#### Your objective
Select all lines in the records that include "longleftrightarrow".

>>>>

(* Let $\mathcal{H}$ be a complex Hilbert space, $A\in\mathcal{B}(\mathcal{H})$ positive and $S\in\mathcal{B}_A(\mathcal{H})$. Then $$\max\left\{\omega_A\left(\Re_A(S)+iS^{\sharp_A}S\right),\ \omega_A\left(\Im_A(S)+iS^{\sharp_A}S\right)\right\}\le d\omega_A(S)$$ and $$d\omega_A(S)\le\min\left\{\sqrt{\omega_A^2\left(\Re_A(S)+iS^{\sharp_A}S\right)+\|\Im_A(S)\|_A^2},\ \sqrt{\omega_A^2\left(\Im_A(S)+iS^{\sharp_A}S\right)+\|\Re_A(S)\|_A^2}\right\}.$$
   Context: $\mathcal{B}(\mathcal{H})$ denotes the bounded linear operators on $\mathcal{H}$. For positive $A$, $\langle x,z\rangle_A=\langle Ax,z\rangle$ and $\|z\|_A=\|A^{1/2}z\|$. $\mathcal{B}_A(\mathcal{H})$ is the set of $S\in\mathcal{B}(\mathcal{H})$ for which some $R\in\mathcal{B}(\mathcal{H})$ satisfies $AR=S^*A$; for such $S$, $S^{\sharp_A}=A^{\dagger}S^*A$ with $A^\dagger$ the Moore–Penrose inverse of $A$. $\Re_A(S)=\frac{S+S^{\sharp_A}}{2}$ and $\Im_A(S)=\frac{S-S^{\sharp_A}}{2i}$. For operators $T$ bounded with respect to $\|\cdot\|_A$: $\|T\|_A=\sup_{\|z\|_A=1}\|Tz\|_A$, $\omega_A(T)=\sup_{\|z\|_A=1}|\langle Tz,z\rangle_A|$, and $d\omega_A(T)=\sup_{\|z\|_A=1}(|\langle Tz,z\rangle_A|^2+\|Tz\|_A^4)^{1/2}$. *)

theory Defs
  imports "HOL-Analysis.Analysis"
begin

class chilbert = banach +
  fixes scaleC :: "complex \<Rightarrow> 'a \<Rightarrow> 'a" (infixr "*\<^sub>C" 75)
    and cinner :: "'a \<Rightarrow> 'a \<Rightarrow> complex"
  assumes scaleC_add_right: "a *\<^sub>C (x + y) = a *\<^sub>C x + a *\<^sub>C y"
    and scaleC_add_left: "(a + b) *\<^sub>C x = a *\<^sub>C x + b *\<^sub>C x"
    and scaleC_scaleC: "a *\<^sub>C (b *\<^sub>C x) = (a * b) *\<^sub>C x"
    and scaleC_one: "1 *\<^sub>C x = x"
    and scaleR_scaleC: "scaleR r x = complex_of_real r *\<^sub>C x"
    and cinner_commute: "cinner x y = cnj (cinner y x)"
    and cinner_add_left: "cinner (x + y) z = cinner x z + cinner y z"
    and cinner_scaleC_left: "cinner (a *\<^sub>C x) y = a * cinner x y"
    and cinner_self_norm: "cinner x x = complex_of_real ((norm x)\<^sup>2)"
(* Let $V$ be a finite-dimensional real vector space and $\mathcal{C} \subset V$ a proper cone. Then \[ \gamma(\mathcal{C}) = \sup_{K \text{ sole of } \mathcal{C}} \gamma_{\mathrm{aff}}(K). \]
   Context: A convex cone $\mathcal{C} \subset V$ is proper if it is closed, salient ($\mathcal{C} \cap (-\mathcal{C}) = \{0\}$) and generating ($\mathcal{C} - \mathcal{C} = V$). Its dual cone is $\mathcal{C}^* = \{f \in V^* : f(x) \geq 0 \text{ for all } x \in \mathcal{C}\}$. A sole of $\mathcal{C}$ is a set $\{x \in \mathcal{C} : f(x) = \alpha\}$ with $f \in \mathrm{int}(\mathcal{C}^* )$ and $\alpha > 0$; it is a convex body in the affine hyperplane $\{f = \alpha\}$. A linear map $\Psi : V \to V$ is $\mathcal{C}$-positive if $\Psi(\mathcal{C}) \subset \mathcal{C}$, strictly $\mathcal{C}$-positive if $\Psi(\mathcal{C}\setminus\{0\}) \subset \mathrm{int}(\mathcal{C})$, and $\mathcal{C}$-primitive if it is $\mathcal{C}$-positive and some power $\Psi^k$ ($k \geq 1$) is strictly $\mathcal{C}$-positive; the smallest such $k$ is $\gamma(\mathcal{C},\Psi)$, and the maximal exponent $\gamma(\mathcal{C})$ is the supremum of $\gamma(\mathcal{C},\Psi)$ over all $\mathcal{C}$-primitive $\Psi$. For a convex body $K$ (compact convex set with nonempty interior) in a finite-dimensional affine space $W$, an affine map $\Phi : W \to W$ is $K$-positive if $\Phi(K) \subset K$, strictly $K$-positive if $\Phi(K) \subset \mathrm{int}(K)$, $K$-primitive if it is $K$-positive and some $\Phi^k$ ($k\ge 1$) is strictly $K$-positive; the smallest such $k$ is $\gamma_{\mathrm{aff}}(K,\Phi)$, and $\gamma_{\mathrm{aff}}(K)$ is the supremum of $\gamma_{\mathrm{aff}}(K,\Phi)$ over all $K$-primitive affine maps $\Phi : W \to W$ (with $W$ the affine hyperplane containing the sole). *)

theory Defs
  imports "HOL-Analysis.Analysis" "HOL-Library.Extended_Nat"
begin

text \<open>V is modelled by a type 'a :: euclidean_space (a finite-dimensional real
  inner product space; every finite-dimensional real vector space is of this form).
  Linear functionals f on V are represented (Riesz) by vectors u, with f(x) = u \<bullet> x.\<close>

definition proper_cone :: "'a::euclidean_space set \<Rightarrow> bool" where
  "proper_cone C \<longleftrightarrow> convex C \<and> cone C \<and> closed C \<and> C \<inter> uminus ` C = {0}
     \<and> {x - y | x y. x \<in> C \<and> y \<in> C} = UNIV"
(* Let $\alpha>0$, $\beta>0$, $D>0$, $T\ge1$, $X=[-D/2,D/2]\subseteq\mathbb R$ and $x_0=0$. For $\theta=(\theta_1,\dots,\theta_T)'\in X^T$ let $f_t(x)=\frac\alpha2(x-\theta_t)^2$ and $$C_1^T(x)=\sum_{t=1}^T\Big(f_t(x_t)+\frac\beta2(x_t-x_{t-1})^2\Big).$$ Then for any $\theta\in X^T$ there exists a matrix $A=(a_{t,s})\in\mathbb R^{T\times T}$ such that $x^*=A\theta$, where $x^*=\arg\min_{x\in X^T}C_1^T(x)$. Moreover, the entries of $A$ satisfy $$a_{t,t+\tau}\ge\frac{\alpha}{\alpha+\beta}(1-\rho)\rho^{\tau}$$ for all $t$ and all $\tau\ge0$ with $t+\tau\le T$, where $Q_f=\frac{\alpha+4\beta}{\alpha}$ and $\rho=\frac{\sqrt{Q_f}-1}{\sqrt{Q_f}+1}$. *)

theory Defs
  imports Complex_Main
begin

text \<open>Vectors in R^T are represented as functions nat \<Rightarrow> real, indexed by 1..T;
  the initial point x_0 = 0 is fixed inside the cost.\<close>

definition cost :: "real \<Rightarrow> real \<Rightarrow> nat \<Rightarrow> (nat \<Rightarrow> real) \<Rightarrow> (nat \<Rightarrow> real) \<Rightarrow> real" where
  "cost \<alpha> \<beta> T \<theta> x =
     (\<Sum>t=1..T. \<alpha>/2 * (x t - \<theta> t)^2
                + \<beta>/2 * (x t - (if t = 1 then 0 else x (t - 1)))^2)"

definition in_box :: "real \<Rightarrow> nat \<Rightarrow> (nat \<Rightarrow> real) \<Rightarrow> bool" where
  "in_box D T x \<longleftrightarrow> (\<forall>t\<in>{1..T}. x t \<in> {-D/2..D/2})"

definition is_argmin :: "real \<Rightarrow> real \<Rightarrow> real \<Rightarrow> nat \<Rightarrow> (nat \<Rightarrow> real) \<Rightarrow> (nat \<Rightarrow> real) \<Rightarrow> bool" where
  "is_argmin \<alpha> \<beta> D T \<theta> x \<longleftrightarrow>
     in_box D T x \<and> (\<forall>y. in_box D T y \<longrightarrow> cost \<alpha> \<beta> T \<theta> x \<le> cost \<alpha> \<beta> T \<theta> y)"

definition matvec :: "nat \<Rightarrow> (nat \<Rightarrow> nat \<Rightarrow> real) \<Rightarrow> (nat \<Rightarrow> real) \<Rightarrow> nat \<Rightarrow> real" where
  "matvec T A \<theta> = (\<lambda>t. \<Sum>s=1..T. A t s * \<theta> s)"

end

theory Submission
  imports Defs
begin

(* The cost is a convex quadratic with gradient H x - \<alpha> \<theta>, where H is the tridiagonal matrix
   with off-diagonal entries -\<beta> and diagonal \<alpha> + 2\<beta> (\<alpha> + \<beta> in the last row). Hence the solution
   of H x = \<alpha> \<theta>, i.e. x = A \<theta> with A = \<alpha> H^-1, is the unique unconstrained minimiser; since
   clipping to the box does not increase the cost when \<theta> lies in the box, it is also the minimiser
   over the box. H satisfies a discrete minimum principle (H z \<ge> 0 implies z \<ge> 0), so each
   column of A dominates every subsolution of its defining equation. For column s the
   subsolution (\<alpha> \<rho> / \<beta>) (\<rho>^(s-t) - \<rho>^(s+t)), t \<le> s, built from the root \<rho> in (0,1) of
   \<beta> r^2 - (\<alpha> + 2\<beta>) r + \<beta> = 0, yields the bound. *)

definition lag :: "(nat \<Rightarrow> real) \<Rightarrow> nat \<Rightarrow> real" where
  "lag x t = (if t \<le> 1 then 0 else x (t - 1))"

definition hess :: "real \<Rightarrow> real \<Rightarrow> nat \<Rightarrow> (nat \<Rightarrow> real) \<Rightarrow> nat \<Rightarrow> real" where
  "hess a b T x t = a * x t + b * (x t - lag x t) + (if t < T then b * (x t - x (t + 1)) else 0)"

lemma cost_lag:
  "cost a b T \<theta> x = (\<Sum>t=1..T. a/2 * (x t - \<theta> t)^2 + b/2 * (x t - lag x t)^2)"
  unfolding cost_def lag_def by (rule sum.cong) auto

lemma sum_lag_by_parts:
  "(\<Sum>t=1..T. g t * lag d t) = (\<Sum>t=1..T. d t * (if t < T then g (t + 1) else 0))"
proof -
  have "(\<Sum>t=1..T. g t * lag d t) = (\<Sum>t=1..<T. d t * g (t + 1))"
    by (induction T) (auto simp: lag_def)
  moreover have "{t \<in> {1..T}. t < T} = {1..<T}"
    by auto
  moreover have "d t * (if t < T then g (t + 1) else 0) = (if t < T then d t * g (t + 1) else 0)" for t
    by simp
  ultimately show ?thesis
    by (simp add: sum.inter_filter[symmetric])
qed

lemma cost_add:
  "cost a b T \<theta> (\<lambda>t. x t + d t) =
     cost a b T \<theta> x + (\<Sum>t=1..T. d t * (hess a b T x t - a * \<theta> t)) + cost a b T (\<lambda>_. 0) d"
proof -
  define g where "g t = b * (x t - lag x t)" for t
  have lag_add: "lag (\<lambda>t. x t + d t) t = lag x t + lag d t" for t
    by (simp add: lag_def)
  have "cost a b T \<theta> (\<lambda>t. x t + d t) =
      (\<Sum>t=1..T. (a/2 * (x t - \<theta> t)^2 + b/2 * (x t - lag x t)^2)
        + (a/2 * (d t - 0)^2 + b/2 * (d t - lag d t)^2)
        + (a * (x t - \<theta> t) * d t + g t * d t) - g t * lag d t)"
    unfolding cost_lag lag_add g_def by (rule sum.cong) (simp_all add: power2_eq_square algebra_simps)
  also have "\<dots> = cost a b T \<theta> x + cost a b T (\<lambda>_. 0) d
          + (\<Sum>t=1..T. a * (x t - \<theta> t) * d t + g t * d t) - (\<Sum>t=1..T. g t * lag d t)"
    unfolding cost_lag by (simp only: sum.distrib sum_subtractf)
  finally have expanded: "cost a b T \<theta> (\<lambda>t. x t + d t) = cost a b T \<theta> x + cost a b T (\<lambda>_. 0) d
      + (\<Sum>t=1..T. a * (x t - \<theta> t) * d t + g t * d t) - (\<Sum>t=1..T. g t * lag d t)" .
  have "(\<Sum>t=1..T. a * (x t - \<theta> t) * d t + g t * d t) - (\<Sum>t=1..T. g t * lag d t)
      = (\<Sum>t=1..T. d t * (hess a b T x t - a * \<theta> t))"
    unfolding sum_lag_by_parts sum_subtractf[symmetric]
    by (rule sum.cong) (auto simp: hess_def g_def lag_def algebra_simps)
  with expanded show ?thesis
    by simp
qed

lemma cost_nonneg: "a \<ge> 0 \<Longrightarrow> b \<ge> 0 \<Longrightarrow> 0 \<le> cost a b T \<theta> x"
  unfolding cost_def by (intro sum_nonneg add_nonneg_nonneg mult_nonneg_nonneg) auto

lemma cost_zero_target_le_0_imp_eq_0:
  assumes "a > 0" "b \<ge> 0" "cost a b T (\<lambda>_. 0) d \<le> 0" "t \<in> {1..T}"
  shows "d t = 0"
proof -
  have "a/2 * (d t)^2 \<le> a/2 * (d t - 0)^2 + b/2 * (d t - lag d t)^2"
    using assms(2) by simp
  also have "\<dots> \<le> cost a b T (\<lambda>_. 0) d"
    unfolding cost_lag using assms by (intro member_le_sum) auto
  finally have "a/2 * (d t)^2 \<le> 0"
    using assms(3) by linarith
  then show ?thesis
    using assms(1) by (simp add: mult_le_0_iff)
qed

definition clip :: "real \<Rightarrow> real \<Rightarrow> real" where
  "clip D v = max (-D/2) (min (D/2) v)"

lemma clip_in_box: "D \<ge> 0 \<Longrightarrow> clip D v \<in> {-D/2..D/2}"
  unfolding clip_def by auto

lemma cost_clip_le:
  assumes "a \<ge> 0" "b \<ge> 0" "D \<ge> 0" "in_box D T \<theta>"
  shows "cost a b T \<theta> (\<lambda>t. clip D (x t)) \<le> cost a b T \<theta> x"
  unfolding cost_lag
proof (rule sum_mono)
  fix t assume t: "t \<in> {1..T}"
  have clip_contracts: "(clip D u - clip D v)^2 \<le> (u - v)^2" for u v
    using assms(3) by (intro abs_le_square_iff[THEN iffD1]) (auto simp: clip_def)
  have "clip D (\<theta> t) = \<theta> t"
    using assms(4) t unfolding in_box_def clip_def by auto
  moreover have "lag (\<lambda>t. clip D (x t)) t = clip D (lag x t)"
    using assms(3) by (simp add: lag_def clip_def)
  ultimately show "a/2 * (clip D (x t) - \<theta> t)^2 + b/2 * (clip D (x t) - lag (\<lambda>t. clip D (x t)) t)^2
        \<le> a/2 * (x t - \<theta> t)^2 + b/2 * (x t - lag x t)^2"
    using assms(1,2) clip_contracts[of "x t" "\<theta> t"] clip_contracts[of "x t" "lag x t"]
    by (intro add_mono mult_left_mono) auto
qed

lemma stationary_imp_unique_argmin:
  assumes "a > 0" "b \<ge> 0" "D \<ge> 0" "in_box D T \<theta>"
    and stationary: "\<forall>t\<in>{1..T}. hess a b T x t = a * \<theta> t"
  shows "is_argmin a b D T \<theta> x" "is_argmin a b D T \<theta> y \<Longrightarrow> t \<in> {1..T} \<Longrightarrow> y t = x t"
proof -
  have cost_eq: "cost a b T \<theta> y = cost a b T \<theta> x + cost a b T (\<lambda>_. 0) (\<lambda>t. y t - x t)" for y
    using cost_add[of a b T \<theta> x "\<lambda>t. y t - x t"] stationary by simp
  have agree: "y t = x t" if "cost a b T \<theta> y \<le> cost a b T \<theta> x" "t \<in> {1..T}" for y t
    using cost_zero_target_le_0_imp_eq_0[of a b T "\<lambda>t. y t - x t" t] assms(1,2) that cost_eq[of y]
    by simp
  have "in_box D T x"
    using agree[OF cost_clip_le] clip_in_box assms(1-4) unfolding in_box_def by (metis less_imp_le)
  moreover have "cost a b T \<theta> x \<le> cost a b T \<theta> y" for y
    using cost_eq[of y] cost_nonneg[of a b] assms(1,2) by simp
  ultimately show "is_argmin a b D T \<theta> x"
    unfolding is_argmin_def by blast
  show "y t = x t" if "is_argmin a b D T \<theta> y" "t \<in> {1..T}"
    using agree that \<open>in_box D T x\<close> unfolding is_argmin_def by blast
qed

<<<<

#### Response below
  "proper_cone C \<longleftrightarrow> convex C \<and> cone C \<and> closed C \<and> C \<inter> uminus ` C = {0}
  "in_box D T x \<longleftrightarrow> (\<forall>t\<in>{1..T}. x t \<in> {-D/2..D/2})"
  "is_argmin \<alpha> \<beta> D T \<theta> x \<longleftrightarrow>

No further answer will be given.